Tell a more accurate story
A pattern of actions congeals into identity. In the eyes of an external audience, you have not just made mistakes; you are now “an untrustworthy firm.” This is the story they hold in their heads. Recovery means reshaping and extending that story in a way that helps the audience assess probable future outcomes and emerge with positive expectations.
I hesitate to include this, as firms without trustworthiness built into their DNA may use this disingenuously as an excuse to rationalize “spin.” The key here is supporting a more true understanding of what happened. This requires an intensive deep-dive into why the failure happened – you have to understand it yourself first before you can tell the story. There are no shortcuts here. The story must match the underlying pattern of the data. And how you tell the story is part of the story itself – it is the metadata of trustworthiness. Are you laying yourself bare? Are you exposing the postmortem in the most public way possible, shining a light into the less savory aspects of your organizational workings? Are you sharing closely held data that is relevant to the postmortem? Are you using clear, incisive language? Again, scary. But life is risk, and the kind you avoid in the short run through obfuscation is trivial compared to the kind you create by doing so. In other words, you can’t lie your way out of a trust deficit. You have to go all in.

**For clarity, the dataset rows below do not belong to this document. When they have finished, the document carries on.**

theorem lemma4p2:
  fixes X :: "('o,'m,'e) extri"
    and X1 X2 X3 Y1 Y2 Y3 P :: 'o
    and f1 f2 g1 g2 p1 p2 p3 i1 i2 q1 q2 :: 'm
    and d d' :: 'e
  assumes "extriangulated X"
    and mor: "stri_mor X (X1,X2,X3,f1,f2,d) (Y1,Y2,Y3,g1,g2,d') (p1,p2,p3)"
    and bp: "biprod X X2 Y1 P i1 i2 q1 q2"
  shows "(quot_eq X (X1,X2,X3,f1,f2,d) (Y1,Y2,Y3,g1,g2,d') (p1,p2,p3)
              (stri_zero X (X1,X2,X3,f1,f2,d) (Y1,Y2,Y3,g1,g2,d'))
            \<longleftrightarrow> (\<exists>u\<in>hom X X2 Y1. p1 = cp X u f1))
       \<and> ((\<exists>u\<in>hom X X2 Y1. p1 = cp X u f1) \<longleftrightarrow> (\<exists>v\<in>hom X X3 Y2. p3 = cp X g2 v))
       \<and> (quot_mono X (X1,X2,X3,f1,f2,d) (Y1,Y2,Y3,g1,g2,d') (p1,p2,p3)
            \<longleftrightarrow> (\<exists>r\<in>hom X P X1. cp X r (ad X (cp X i1 f1) (cp X i2 p1)) = ide X X1))"
proof -
  interpret extriangulated_category X
    by unfold_locales (rule assms(1))
  have r: "rl X X1 X2 X3 f1 f2 d" and r': "rl X Y1 Y2 Y3 g1 g2 d'" and p1: "p1 \<in> hom X X1 Y1"
    using mor by (simp_all add: stri_mor_def is_stri_def)
  note o = rl_wellformed[OF r] and o' = rl_wellformed[OF r']
  have zero_iff: "quot_eq X (X1,X2,X3,f1,f2,d) (Y1,Y2,Y3,g1,g2,d') (p1,p2,p3)
      (stri_zero X (X1,X2,X3,f1,f2,d) (Y1,Y2,Y3,g1,g2,d')) \<longleftrightarrow> (\<exists>u\<in>hom X X2 Y1. p1 = cp X u f1)"
    using R2_iff_inflation_factors[OF mor] stri_diff_zero[OF mor] by (simp add: quot_eq_def)
  have "quot_mono X (X1,X2,X3,f1,f2,d) (Y1,Y2,Y3,g1,g2,d') (p1,p2,p3)
      \<longleftrightarrow> (\<exists>x\<in>hom X Y1 X1. push X (cp X x p1) d = d)"
    using quot_mono_imp_push_retraction[OF mor] push_retraction_imp_quot_mono[OF mor] by blast
  also have "\<dots> \<longleftrightarrow> (\<exists>y\<in>hom X X2 X1. \<exists>x\<in>hom X Y1 X1. ad X (cp X y f1) (cp X x p1) = ide X X1)"
    using push_eq_self_iff[OF r] cp_in_hom[OF o(1) o'(1) o(1) p1] by blast
  also have "\<dots> \<longleftrightarrow> (\<exists>r\<in>hom X P X1. cp X r (ad X (cp X i1 f1) (cp X i2 p1)) = ide X X1)"
    using biprod_section_iff[OF bp o(2) o'(1) o(1) o(4) p1] by blast
  finally have mono_iff: "quot_mono X (X1,X2,X3,f1,f2,d) (Y1,Y2,Y3,g1,g2,d') (p1,p2,p3)
      \<longleftrightarrow> (\<exists>r\<in>hom X P X1. cp X r (ad X (cp X i1 f1) (cp X i2 p1)) = ide X X1)" .
  show ?thesis
    using zero_iff stri_mor_inflation_factors_iff_deflation_factors[OF mor] mono_iff by blast
qed
lemma sum_mix_prob_le:
  assumes pr: "rg_prior \<mu>" and v: "rg_valid_profile \<sigma>0 \<sigma>1 \<sigma>2" and Bad: "Bad \<subseteq> {p. length p = T}"
  shows "(\<Sum>p\<in>Bad. rg_mix_prob \<mu> \<sigma>0 \<sigma>1 \<sigma>2 T p) \<le> \<mu> None * (\<Sum>p\<in>Bad. rg_pub_prob \<rho>0 \<rho>1 \<sigma>0 \<sigma>1 \<sigma>2 T p) + (1 - \<mu> None)"
proof -
  have fB: "finite Bad" using Bad finite_list_length by (rule finite_subset)
  define X where "X = (\<Sum>p\<in>Bad. rg_pub_prob \<rho>0 \<rho>1 \<sigma>0 \<sigma>1 \<sigma>2 T p)"
  define Z where "Z = (\<lambda>\<omega>. \<Sum>p\<in>Bad. \<mu> \<omega> * rg_pub_prob \<rho>0 \<rho>1 \<sigma>0 (rg_type_strat \<sigma>1 \<omega>) \<sigma>2 T p)"
  have hZ: "(Z has_sum (\<Sum>p\<in>Bad. rg_mix_prob \<mu> \<sigma>0 \<sigma>1 \<sigma>2 T p)) UNIV"
    unfolding Z_def rg_mix_prob_def using pub_prob_summable[OF pr v] by (intro has_sum_sum fB) simp
  define g where "g = (\<lambda>\<omega>. \<mu> \<omega> + (if \<omega> = None then \<mu> None * X - \<mu> None else 0))"
  have hmu: "(\<mu> has_sum 1) UNIV" using pr by (simp add: rg_prior_def)
  have hsing: "((\<lambda>\<omega>. if \<omega> = None then \<mu> None * X - \<mu> None else 0) has_sum (\<mu> None * X - \<mu> None)) UNIV"
    by (rule has_sum_finite_neutralI[of "{None}"]) auto
  have hg: "(g has_sum (1 + (\<mu> None * X - \<mu> None))) UNIV"
    unfolding g_def by (rule has_sum_add[OF hmu hsing])
  have le: "Z \<omega> \<le> g \<omega>" for \<omega>
  proof (cases "\<omega> = None")
    case True
    have "Z \<omega> = \<mu> None * X" using True by (simp add: Z_def X_def rg_type_strat_def sum_distrib_left)
    moreover have "g \<omega> = \<mu> None * X" using True by (simp add: g_def)
    ultimately show ?thesis by simp
  next
    case False
    have m: "0 \<le> \<mu> \<omega>" using pr by (simp add: rg_prior_def)
    have "Z \<omega> \<le> \<mu> \<omega>"
    proof (cases "\<mu> \<omega> = 0")
      case True then show ?thesis by (simp add: Z_def)
    next
      case nz: False
      have v': "rg_valid_profile \<sigma>0 (rg_type_strat \<sigma>1 \<omega>) \<sigma>2" by (rule valid_profile_type_strat[OF pr v nz])
      have "(\<Sum>p\<in>Bad. rg_pub_prob \<rho>0 \<rho>1 \<sigma>0 (rg_type_strat \<sigma>1 \<omega>) \<sigma>2 T p) \<le>
          (\<Sum>p\<in>{p. length p = T}. rg_pub_prob \<rho>0 \<rho>1 \<sigma>0 (rg_type_strat \<sigma>1 \<omega>) \<sigma>2 T p)"
        by (rule sum_mono2[OF finite_list_length Bad]) (simp add: pub_prob_nonneg[OF v'])
      also have "\<dots> = 1" by (rule sum_pub_prob_eq_1[OF v'])
      finally have "(\<Sum>p\<in>Bad. rg_pub_prob \<rho>0 \<rho>1 \<sigma>0 (rg_type_strat \<sigma>1 \<omega>) \<sigma>2 T p) \<le> 1" .
      then show ?thesis using m by (simp add: Z_def sum_distrib_left[symmetric] mult_left_le)
    qed
    moreover have "g \<omega> = \<mu> \<omega>" unfolding g_def by (subst if_not_P[OF False]) simp
    ultimately show ?thesis by simp
  qed
  have "(\<Sum>p\<in>Bad. rg_mix_prob \<mu> \<sigma>0 \<sigma>1 \<sigma>2 T p) \<le> 1 + (\<mu> None * X - \<mu> None)"
    by (rule has_sum_mono[OF hZ hg]) (use le in auto)
  then show ?thesis by (simp add: X_def)
qed

end

section \<open>Robustness of the cyclically monotone value\<close>

lemma rg_vCM_ge:
  assumes "rg_stage1 s" "rg_cm_strategy u1 s" "(\<alpha>0, \<alpha>2) \<in> rg_B \<rho>0 u0 u2 s"
  shows "ereal (rg_u1_stage \<rho>0 u1 \<alpha>0 s \<alpha>2) \<le> rg_vCM \<rho>0 u0 u1 u2"
proof -
  have "ereal (rg_u1_stage \<rho>0 u1 \<alpha>0 s \<alpha>2) \<le> (SUP p \<in> rg_B \<rho>0 u0 u2 s. ereal (rg_u1_stage \<rho>0 u1 (fst p) s (snd p)))"
    by (rule SUP_upper2[where i="(\<alpha>0, \<alpha>2)"]) (use assms(3) in auto)
  also have "\<dots> \<le> rg_vCM \<rho>0 u0 u1 u2"
    unfolding rg_vCM_def by (rule SUP_upper) (use assms(1,2) in simp)
  finally show ?thesis .
qed

lemma abs_rg_u1_stage_le:
  assumes "rg_dist \<alpha>0" "rg_stage1 s" "rg_dist \<alpha>2" "\<forall>a0. rg_dist (\<rho>0 a0)"
  shows "\<bar>rg_u1_stage \<rho>0 u1 \<alpha>0 s \<alpha>2\<bar> \<le> rg_u1_max u1"
  unfolding rg_u1_stage_def
  using assms
  by (intro rg_dist_avg_abs_le) (auto simp: rg_stage1_def intro!: rg_dist_avg_abs_le rg_u1_max_bound)

lemma rg_cm_strategy_const:
  fixes u1 :: "'y0 \<Rightarrow> 'a1 \<Rightarrow> 'a2::finite \<Rightarrow> real"
  shows "rg_cm_strategy u1 (\<lambda>(_::'y0) a. if a = c then 1 else 0)"
  unfolding rg_cm_strategy_def rg_cyc_mono_def
proof (intro allI impI)
  fix \<alpha>2 N and x :: "nat \<Rightarrow> 'y0" and y :: "nat \<Rightarrow> 'a1"
  assume "1 \<le> N \<and> (\<forall>i<N. (x i, y i) \<in> rg_supp1 (\<lambda>(_::'y0) a. if a = c then 1 else (0::real)))"
  then have "\<And>i. i < N \<Longrightarrow> y i = c" "\<And>i. i < N \<Longrightarrow> y (Suc i mod N) = c"
    by (auto simp: rg_supp1_def split: if_splits)
  then show "(\<Sum>i<N. rg_u1_at u1 \<alpha>2 (x i) (y (Suc i mod N))) \<le> (\<Sum>i<N. rg_u1_at u1 \<alpha>2 (x i) (y i))"
    by simp
qed
lemma eventually_ball_expanding:
  assumes "random_network_model M" "uniformly_sparse M" "0 < \<epsilon>" "3 * \<epsilon> \<le> 2"
    and SI: "\<forall>\<^sub>F n in sequentially.
      measure_pmf.prob (pair_pmf (M n) (pair_pmf (pmf_of_set {..<n}) (pmf_of_set {..<n})))
        {(G, u, v). \<exists>k. gdist G u v = enat k \<and> \<bar>c n - real k\<bar> < b} > 1 - \<epsilon>/2 * (\<epsilon>/4)"
  shows "\<exists>\<alpha>>0. \<forall>\<^sub>F n in sequentially. measure_pmf.prob (pair_pmf (M n) (pmf_of_set {..<n}))
           {(G, u). ball_expanding n \<epsilon> \<alpha> G u} > 1 - \<epsilon>"
proof -
  define L where "L = Suc (nat \<lceil>2 * b\<rceil>)"
  have "2 * b \<le> real L" "0 < L" unfolding L_def by linarith+
  obtain e C where e: "e 0 = \<epsilon> / 4 / real L" "\<And>i. 0 < e i" "\<And>i. 1 \<le> C i \<and> e (Suc i) = e i / C i"
    and US: "\<forall>\<^sub>F n in sequentially.
       measure_pmf.prob (M n) {G. \<forall>i<L. sparse_graph n (e i) (C i) G} \<ge> 1 - \<epsilon> / 4"
    using uniformly_sparse_threshold_chain[OF assms(2) _ \<open>0 < L\<close>, of "\<epsilon> / 4"] assms(3) by auto
  have simple: "\<forall>G\<in>set_pmf (M n). simple_graph_on n G" for n
    using assms(1) unfolding random_network_model_def by blast
  have "\<forall>\<^sub>F n in sequentially. measure_pmf.prob (pair_pmf (M n) (pmf_of_set {..<n}))
      {(G, u). ball_expanding n \<epsilon> (e L) G u} > 1 - \<epsilon>/4 - \<epsilon>/4"
    using SI US eventually_gt_at_top[of 0]
  proof eventually_elim
    case (elim n)
    show ?case
      using elim simple e assms(3,4) \<open>2 * b \<le> real L\<close> \<open>0 < L\<close>
      by (intro ball_expanding_likely[where c = "c n" and b = b]) auto
  qed
  then show ?thesis
    using e(2)[of L] assms(3) by (auto elim!: eventually_mono)
qed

The story must include a credible sincere apology: something happened, something went wrong, and a trustworthy entity always takes on the bulk of the responsibility – even if other parties were at fault as well. Pointing fingers indicates lack of accountability for the original failure, and destroys credibility. And finally, the story must end with a focused, concrete way forward – what will be different in the future and what are the near-term steps to get there.
Make a commitment
The defining quality of a commitment is irretrievability. You can’t go back. If you can go back, it’s not a real commitment. That irretrievability is the source of credibility. There are different levels of commitment though – just like you can commit a dollar or you can commit your life savings. In the world of trust, you can spend social capital as well as financial capital. Examples of commitment: saying it out loud, saying it to an external audience, writing it down and signing it, publishing what you’ve written, and of course, making a dollar investment. The most classic form of dollar commitment is the example of the engagement ring – if you break off an engagement, etiquette says the woman gets to keep the ring. Irretrievable commitment. Push your firm to make the largest commitment possible.
Enact your strategy fast
It’s like medicine. An ounce of prevention is worth a pound of cure. A pound of cure now is worth ten pounds of cure later. If you’re going to do it at all, do it fast.